Respirer en pleine conscience

Respirer en conscience : pour ne plus étouffer dans sa vie !


Écoutez cette petite histoire : "alors qu'ils descendent une rivière, deux jeunes poissons croisent un congénère plus âgé qui remonte le courant.

Il leur dit : "bonjour, les garçons. Comment trouvez-vous l'eau ?"

Les jeunes lui sourient et poursuivent leur route. Un peu plus loin, l'un des jeunes poissons demande à l'autre : "c'est quoi l'eau ?"
Son élément naturel va tellement de soi que le poisson n'a même pas conscience de nager dedans.

Ainsi vont les choses quand nous nous trouvons dans notre élément, or bien d'autre n'y sont pas du tout, ils ne profitent pas vraiment de leur vie, ils l'endurent, et attendent le week-end...
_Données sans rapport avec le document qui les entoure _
(* Let $n\ge3$ and let $f$ be a $\gamma_{tr3}(P_3\square P_n)$-function such that the number of vertices $v$ with $f(v)=\emptyset$ is minimum among all $\gamma_{tr3}(P_3\square P_n)$-functions. Then $|f((i,j))|\le2$ for all $i\in\{0,1\}$ and $j\in\{0,1,\dots,n-1\}$.
   Context: $P_m$ denotes the directed path with vertex set $\{0,1,\dots,m-1\}$ and arcs $(i,i+1)$ for $0\le i\le m-2$. The Cartesian product $D_1\square D_2$ has vertex set $V(D_1)\times V(D_2)$, with an arc from $(x_1,y_1)$ to $(x_2,y_2)$ iff either $(x_1,x_2)$ is an arc of $D_1$ and $y_1=y_2$, or $x_1=x_2$ and $(y_1,y_2)$ is an arc of $D_2$. For a digraph $D$ and positive integer $k$, a $k$-rainbow dominating function on $D$ is $f:V(D)\to\mathcal P(\{1,\dots,k\})$ such that every $v$ with $f(v)=\emptyset$ satisfies $\bigcup_{u\in N^-(v)}f(u)=\{1,\dots,k\}$, where $N^-(v)$ is the set of in-neighbors of $v$; its weight is $\sum_v|f(v)|$. It is total if additionally the subdigraph induced by $\{v:f(v)\ne\emptyset\}$ has no isolated vertex (a vertex with neither in- nor out-neighbors in it). $\gamma_{trk}(D)$ is the minimum weight of a total $k$-rainbow dominating function, and a $\gamma_{trk}(D)$-function is one attaining it. *)

theory Defs
  imports Main
begin

type_synonym 'a digraph = "'a set \<times> ('a \<times> 'a) set"

definition verts :: "'a digraph \<Rightarrow> 'a set" where "verts D = fst D"
definition arcs :: "'a digraph \<Rightarrow> ('a \<times> 'a) set" where "arcs D = snd D"

definition path_digraph :: "nat \<Rightarrow> nat digraph" where
  "path_digraph m = ({0..<m}, {(i, i + 1) | i. i + 1 < m})"

definition cart_prod :: "'a digraph \<Rightarrow> 'b digraph \<Rightarrow> ('a \<times> 'b) digraph" where
  "cart_prod D1 D2 = (verts D1 \<times> verts D2,
     {((x1, y1), (x2, y2)) | x1 y1 x2 y2.
        x1 \<in> verts D1 \<and> x2 \<in> verts D1 \<and> y1 \<in> verts D2 \<and> y2 \<in> verts D2 \<and>
        (((x1, x2) \<in> arcs D1 \<and> y1 = y2) \<or> (x1 = x2 \<and> (y1, y2) \<in> arcs D2))})"

definition in_nbrs :: "'a digraph \<Rightarrow> 'a \<Rightarrow> 'a set" where
  "in_nbrs D v = {u \<in> verts D. (u, v) \<in> arcs D}"

definition rainbow_dom :: "'a digraph \<Rightarrow> nat \<Rightarrow> ('a \<Rightarrow> nat set) \<Rightarrow> bool" where
  "rainbow_dom D k f \<longleftrightarrow>
     (\<forall>v \<in> verts D. f v \<subseteq> {1..k}) \<and>
     (\<forall>v \<in> verts D. f v = {} \<longrightarrow> (\<Union>u \<in> in_nbrs D v. f u) = {1..k})"

definition total_rainbow_dom :: "'a digraph \<Rightarrow> nat \<Rightarrow> ('a \<Rightarrow> nat set) \<Rightarrow> bool" where
  "total_rainbow_dom D k f \<longleftrightarrow> rainbow_dom D k f \<and>
     (\<forall>v \<in> verts D. f v \<noteq> {} \<longrightarrow>
        (\<exists>u \<in> verts D. f u \<noteq> {} \<and> ((u, v) \<in> arcs D \<or> (v, u) \<in> arcs D)))"

definition rd_weight :: "'a digraph \<Rightarrow> ('a \<Rightarrow> nat set) \<Rightarrow> nat" where
  "rd_weight D f = (\<Sum>v \<in> verts D. card (f v))"

definition gamma_trk :: "'a digraph \<Rightarrow> nat \<Rightarrow> nat" where
  "gamma_trk D k = Inf {rd_weight D f | f. total_rainbow_dom D k f}"

definition gamma_trk_function :: "'a digraph \<Rightarrow> nat \<Rightarrow> ('a \<Rightarrow> nat set) \<Rightarrow> bool" where
  "gamma_trk_function D k f \<longleftrightarrow> total_rainbow_dom D k f \<and> rd_weight D f = gamma_trk D k"

definition empty_count :: "'a digraph \<Rightarrow> ('a \<Rightarrow> nat set) \<Rightarrow> nat" where
  "empty_count D f = card {v \<in> verts D. f v = {}}"

end

theory Submission
  imports Defs
begin

text \<open>Relabel a total k-rainbow dominating function f (k \<ge> 2) at a vertex v with f v \<noteq> {}:
  v gets {1} and each of its e empty out-neighbours gets {2}. No vertex that stays empty has v as
  an in-neighbour, all other labels only grow, and v and its new non-empty out-neighbours cover
  each other against isolation. The weight changes by 1 + e - |f v|, so if f is a minimum-weight
  function with the fewest empty vertices, then |f v| \<le> max 1 e: otherwise the relabelling is
  lighter, or equally heavy with e fewer empty vertices. In the grid every out-degree is at most 2.\<close>

definition empty_out_nbrs :: "'a digraph \<Rightarrow> ('a \<Rightarrow> nat set) \<Rightarrow> 'a \<Rightarrow> 'a set" where
  "empty_out_nbrs D f v = {w \<in> verts D. (v, w) \<in> arcs D \<and> f w = {}}"

definition spread_label :: "'a digraph \<Rightarrow> ('a \<Rightarrow> nat set) \<Rightarrow> 'a \<Rightarrow> 'a \<Rightarrow> nat set" where
  "spread_label D f v =
     (\<lambda>u. if u = v then {1} else if u \<in> empty_out_nbrs D f v then {2} else f u)"

lemma gamma_trk_le_rd_weight:
  assumes "total_rainbow_dom D k g"
  shows "gamma_trk D k \<le> rd_weight D g"
  unfolding gamma_trk_def using assms by (auto intro: cInf_lower)

lemma total_rainbow_dom_spread_label:
  assumes tf: "total_rainbow_dom D k f" and k: "k \<ge> 2"
    and v: "v \<in> verts D" and fv: "f v \<noteq> {}"
  shows "total_rainbow_dom D k (spread_label D f v)"
proof -
  let ?O = "empty_out_nbrs D f v" and ?g = "spread_label D f v"
  have fsub: "\<And>u. u \<in> verts D \<Longrightarrow> f u \<subseteq> {1..k}"
    and fcov: "\<And>u. u \<in> verts D \<Longrightarrow> f u = {} \<Longrightarrow> (\<Union>w \<in> in_nbrs D u. f w) = {1..k}"
    and ftot: "\<And>u. u \<in> verts D \<Longrightarrow> f u \<noteq> {} \<Longrightarrow>
        \<exists>w \<in> verts D. f w \<noteq> {} \<and> ((w, u) \<in> arcs D \<or> (u, w) \<in> arcs D)"
    using tf by (auto simp: total_rainbow_dom_def rainbow_dom_def)
  have gsub: "?g u \<subseteq> {1..k}" if "u \<in> verts D" for u
    using fsub[OF that] k by (auto simp: spread_label_def)
  have gsup: "f u \<subseteq> ?g u" if "u \<noteq> v" for u
    using that by (auto simp: spread_label_def empty_out_nbrs_def)
  have gne: "?g u \<noteq> {}" if "f u \<noteq> {}" for u
    using that by (auto simp: spread_label_def)
  show ?thesis
    unfolding total_rainbow_dom_def rainbow_dom_def
  proof (intro conjI ballI impI)
    fix u assume "u \<in> verts D" then show "?g u \<subseteq> {1..k}" by (rule gsub)
  next
    fix u assume u: "u \<in> verts D" and gu: "?g u = {}"
    then have fu: "f u = {}" and "u \<notin> ?O"
      by (auto simp: spread_label_def split: if_splits)
    with u have "v \<notin> in_nbrs D u" by (auto simp: empty_out_nbrs_def in_nbrs_def)
    then have "(\<Union>w \<in> in_nbrs D u. f w) \<subseteq> (\<Union>w \<in> in_nbrs D u. ?g w)"
      using gsup by (intro UN_mono subset_refl) metis
    moreover have "(\<Union>w \<in> in_nbrs D u. ?g w) \<subseteq> {1..k}"
      using gsub by (auto simp: in_nbrs_def)
    ultimately show "(\<Union>w \<in> in_nbrs D u. ?g w) = {1..k}"
      using fcov[OF u fu] by (metis subset_antisym)
  next
    fix u assume u: "u \<in> verts D" and gu: "?g u \<noteq> {}"
    show "\<exists>w \<in> verts D. ?g w \<noteq> {} \<and> ((w, u) \<in> arcs D \<or> (u, w) \<in> arcs D)"
    proof (cases "f u = {}")
      case True
      with gu fv have "u \<in> ?O" by (auto simp: spread_label_def split: if_splits)
      then show ?thesis using v by (auto simp: empty_out_nbrs_def spread_label_def)
    next
      case False
      then show ?thesis using ftot[OF u] gne by blast
    qed
  qed
qed

lemma rd_weight_spread_label:
  assumes fin: "finite (verts D)" and v: "v \<in> verts D" and fv: "f v \<noteq> {}"
  shows "rd_weight D (spread_label D f v) + card (f v)
           = rd_weight D f + 1 + card (empty_out_nbrs D f v)"
proof -
  let ?O = "empty_out_nbrs D f v" and ?g = "spread_label D f v"
  have O: "?O \<subseteq> verts D" "v \<notin> ?O" using fv by (auto simp: empty_out_nbrs_def)
  have "card (?g u) + (if u = v then card (f v) else 0)
          = card (f u) + (if u = v then 1 else 0) + (if u \<in> ?O then 1 else 0)" for u
    using O by (auto simp: spread_label_def empty_out_nbrs_def)
  then have "(\<Sum>u\<in>verts D. card (?g u) + (if u = v then card (f v) else 0))
      = (\<Sum>u\<in>verts D. card (f u) + (if u = v then 1 else 0) + (if u \<in> ?O then 1 else 0))"
    by simp
  then have "(\<Sum>u\<in>verts D. card (?g u)) + card (f v)
           = (\<Sum>u\<in>verts D. card (f u)) + 1 + (\<Sum>u\<in>verts D. if u \<in> ?O then 1 else 0)"
    using fin v by (simp add: sum.distrib)
  moreover have "(\<Sum>u\<in>verts D. if u \<in> ?O then 1 else 0::nat) = card ?O"
    using fin O(1) by (simp add: sum.If_cases Int_absorb1 Int_absorb2)
  ultimately show ?thesis by (simp add: rd_weight_def)
qed

lemma empty_count_spread_label:
  assumes fin: "finite (verts D)" and fv: "f v \<noteq> {}"
  shows "empty_count D (spread_label D f v) = empty_count D f - card (empty_out_nbrs D f v)"
proof -
  let ?E = "{u \<in> verts D. f u = {}}" and ?O = "empty_out_nbrs D f v"
  have "{u \<in> verts D. spread_label D f v u = {}} = ?E - ?O"
    using fv by (auto simp: spread_label_def empty_out_nbrs_def)
  moreover have "?O \<subseteq> ?E" by (auto simp: empty_out_nbrs_def)
  ultimately show ?thesis
    using fin by (simp add: empty_count_def card_Diff_subset finite_subset)
qed

lemma card_label_le_empty_out_nbrs:
  assumes fin: "finite (verts D)" and k: "k \<ge> 2"
    and gf: "gamma_trk_function D k f"
    and min: "\<forall>g. gamma_trk_function D k g \<longrightarrow> empty_count D f \<le> empty_count D g"
    and v: "v \<in> verts D"
  shows "card (f v) \<le> max 1 (card (empty_out_nbrs D f v))"
proof (cases "f v = {}")
  case False
  let ?O = "empty_out_nbrs D f v" and ?g = "spread_label D f v"
  have tg: "total_rainbow_dom D k ?g"
    using gf k v False by (auto intro: total_rainbow_dom_spread_label simp: gamma_trk_function_def)
  have wf: "rd_weight D f = gamma_trk D k" using gf by (simp add: gamma_trk_function_def)
  have W: "rd_weight D ?g + card (f v) = rd_weight D f + 1 + card ?O"
    using fin v False by (rule rd_weight_spread_label)
  have le: "rd_weight D f \<le> rd_weight D ?g"
    using gamma_trk_le_rd_weight[OF tg] wf by simp
  have "\<not> (card (f v) = card ?O + 1 \<and> ?O \<noteq> {})"
  proof
    assume eq: "card (f v) = card ?O + 1 \<and> ?O \<noteq> {}"
    then have "gamma_trk_function D k ?g"
      using tg W wf by (simp add: gamma_trk_function_def)
    then have "empty_count D f \<le> empty_count D ?g"
      using min by blast
    also have "\<dots> = empty_count D f - card ?O"
      using fin False by (rule empty_count_spread_label)
    finally have "empty_count D f \<le> empty_count D f - card ?O" .
    moreover have "card ?O \<le> empty_count D f"
      unfolding empty_count_def empty_out_nbrs_def
      using fin by (intro card_mono) auto
    moreover have "card ?O > 0"
      using eq fin by (simp add: card_gt_0_iff empty_out_nbrs_def)
    ultimately show False by linarith
  qed
  then show ?thesis using W le by (cases "?O = {}") auto
qed simp

lemma arc_grid_from:
  assumes "((i, j), w) \<in> arcs (cart_prod (path_digraph m) (path_digraph n))"
  shows "w \<in> {(i + 1, j), (i, j + 1)}"
  using assms by (auto simp: cart_prod_def arcs_def verts_def path_digraph_def)

theorem lemma4p8:
  fixes n :: nat and f :: "nat \<times> nat \<Rightarrow> nat set"
  defines "D \<equiv> cart_prod (path_digraph 3) (path_digraph n)"
  assumes "n \<ge> 3"
    and "gamma_trk_function D 3 f"
    and "\<forall>g. gamma_trk_function D 3 g \<longrightarrow> empty_count D f \<le> empty_count D g"
  shows "\<forall>i \<in> {0, 1}. \<forall>j \<in> {0..<n}. card (f (i, j)) \<le> 2"
proof (intro ballI)
  fix i j assume "i \<in> {0::nat, 1}" and "j \<in> {0..<n}"
  have VD: "verts D = {0..<3} \<times> {0..<n}"
    by (simp add: D_def cart_prod_def verts_def path_digraph_def)
  have "empty_out_nbrs D f (i, j) \<subseteq> {(i + 1, j), (i, j + 1)}"
    using arc_grid_from unfolding D_def empty_out_nbrs_def by blast
  then have "card (empty_out_nbrs D f (i, j)) \<le> card {(i + 1, j), (i, j + 1)}"
    by (intro card_mono) auto
  also have "\<dots> \<le> 2" by (simp add: card_insert_le_m1)
  finally have "card (empty_out_nbrs D f (i, j)) \<le> 2" .
  moreover have "card (f (i, j)) \<le> max 1 (card (empty_out_nbrs D f (i, j)))"
  proof (rule card_label_le_empty_out_nbrs[OF _ _ assms(3,4)])
    show "finite (verts D)" "(i, j) \<in> verts D"
      using VD \<open>i \<in> {0, 1}\<close> \<open>j \<in> {0..<n}\<close> by auto
  qed simp
  ultimately show "card (f (i, j)) \<le> 2" by linarith
qed

end
lemma lifo_strategy_cases:
  assumes "ipos V E (X, R)"
  obtains (push) "arena E V X \<inter> R \<noteq> {}" "lifo_strategy V E (X, R) = X @ [pivot E (arena E V X) R]"
  | (start) "X = []" "R = {}" "lifo_strategy V E (X, R) = [SOME v. v \<in> V]"
  | (pop) "X \<noteq> []" "arena E V X \<inter> R = {}" "lifo_strategy V E (X, R) = pop_word X"
  using assms unfolding lifo_strategy_def ipos_def by (cases X) auto

lemma pivot_of_arena:
  assumes "digraph V E" "ipos V E (X, R)" "arena E V X \<inter> R \<noteq> {}"
  shows "pivot E (arena E V X) R \<in> arena E V X \<inter> R"
proof -
  have fin: "finite (arena E V X)"
    using assms(1) arena_subset[of E V X] unfolding digraph_def by (meson finite_Diff finite_subset)
  have "ind E (arena E V X) `` R \<subseteq> R"
    using ipos_closed[OF assms(2)] ind_mono[OF arena_subset[of E V X]] by blast
  then show ?thesis
    using pivot_in_region pivot_in_scc scc_of_subset fin assms(3) by (metis Int_iff inf_commute subsetD)
qed

lemma lifo_strategy_isucc:
  assumes dg: "digraph V E" and ip: "ipos V E (X, R)"
  shows "isucc V E (X, R) (lifo_strategy V E (X, R), {})"
  using ip
proof (cases rule: lifo_strategy_cases)
  case push
  have "pivot E (arena E V X) R \<in> V - set X"
    using pivot_of_arena[OF dg ip push(1)] ip unfolding ipos_def by auto
  then show ?thesis using push ip unfolding isucc_def ipos_def by (auto simp: insert_Diff_if)
next
  case start
  have "(SOME v. v \<in> V) \<in> V" using dg unfolding digraph_def by (simp add: some_in_eq)
  then show ?thesis using start unfolding isucc_def ipos_def by simp
next
  case pop
  have "set (pop_word X) \<subseteq> set X" using pop_word(1)[OF pop(1)] by (rule set_mono_prefix)
  then have "(set X - set (pop_word X)) \<union> (set (pop_word X) - set X) = set X - set (pop_word X)"
    by auto
  then show ?thesis using pop pop_word[OF pop(1)] ip \<open>set (pop_word X) \<subseteq> set X\<close>
    unfolding isucc_def ipos_def fst_conv snd_conv by auto
qed

lemma lifo_strategy_istrategy: "digraph V E \<Longrightarrow> istrategy V E (lifo_strategy V E)"
  unfolding istrategy_def using lifo_strategy_isucc by fastforce

lemma sealed_snoc_pivot:
  assumes dg: "digraph V E" and ip: "ipos V E (X, R)" and sl: "sealed E V X R"
    and meets: "arena E V X \<inter> R \<noteq> {}" and R': "R' \<subseteq> R"
  shows "sealed E V (X @ [pivot E (arena E V X) R]) R'"
proof -
  let ?W = "arena E V X" and ?x = "pivot E (arena E V X) R"
  have finW: "finite ?W"
    using dg arena_subset[of E V X] unfolding digraph_def by (meson finite_Diff finite_subset)
  have meets': "R \<inter> ?W \<noteq> {}" using meets by auto
  have "\<forall>u\<in>R'. \<forall>d\<in>scc_of E ?W ?x. (u, d) \<in> E \<longrightarrow> u \<in> scc_of E ?W ?x"
  proof (intro ballI impI)
    fix u d assume u: "u \<in> R'" and d: "d \<in> scc_of E ?W ?x" and ud: "(u, d) \<in> E"
    have uR: "u \<in> R - set X" and "u \<in> V" using u R' ip unfolding ipos_def by auto
    have dW: "d \<in> ?W" using d scc_of_subset by fast
    have "u \<in> ?W" using sealed_entry_in_arena[OF sl uR \<open>u \<in> V\<close> ud dW] .
    then have "(u, d) \<in> ind E ?W" using ud dW unfolding ind_def by simp
    moreover have "u \<in> R \<inter> ?W" using uR \<open>u \<in> ?W\<close> by simp
    ultimately show "u \<in> scc_of E ?W ?x" using scc_of_pivot_entry[OF finW meets'] d by blast
  qed
  moreover have "sealed E V X R'" using sealed_mono[OF sl R'] .
  ultimately show ?thesis unfolding sealed_snoc by simp
qed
Ils souffrent et ne le disent pas. Comment parvenons-nous à accepter sans protester des contraintes de travail toujours plus dures, dont nous savons qu'elles mettent en danger notre intégrité mentale et psychique ? 
Christophe DEJOURS a décrit merveilleusement bien dans "Souffrance en France" comment le processus fonctionne comme un piège : pour pouvoir endurer la souffrance sans perdre la raison, on se protège !

En revanche, il existe un anti-stress simple et rapide, rien de plus facile. Il s'obtient grâce à une respiration lente, ample et régulière de six cycles par minute : une inspiration en cinq secondes suivie d'une expiration en cinq secondes.

Le rythme cardiaque et la respiration vont entrer en résonance. Une sensation de bien-être envahit le corps.

On se sent moins fatigué et notre esprit, moins préoccupé, est d'autant plus ouvert et disponible aux aléas de la journée. Et les effets de la méthode peuvent se sentir bien au-delà de la relaxation passagère.

Que se passe-t-il exactement à l'intérieur de notre organisme ?

En cohérence cardiaque, il se produit un ensemble de réactions biochimiques démontrées scientifiquement : le taux de cortisol (hormone du stress) baisse, tandis que celui de certains neurotransmetteurs (dopamine, sérotonine, ocytocine) augmente. 
Le sensation de calme, d'apaisement et de bien-être est immédiate et dure plusieurs heures.

Oui, mais dans le rythme du boulot-métro-dodo, difficile de trouver encore du temps pour soi, qui plus est pour respirer ?
Le jeu en vaut-il vraiment la chandelle ?

Le docteur David O'Hare répond simplement qu'en prenant ce temps, vous mettrez en place une pratique personnelle qui augmentera l'amplitude de votre variabilité cardiaque qui est corrélée à l'espérance de vie.


En somme, respirer grâce à la technique 365 (pratiquer cinq minutes à raison de trois fois par jour, 6 fois par minute) vous évitera de perdre du temps et vous augmenterez largement la qualité de votre vie.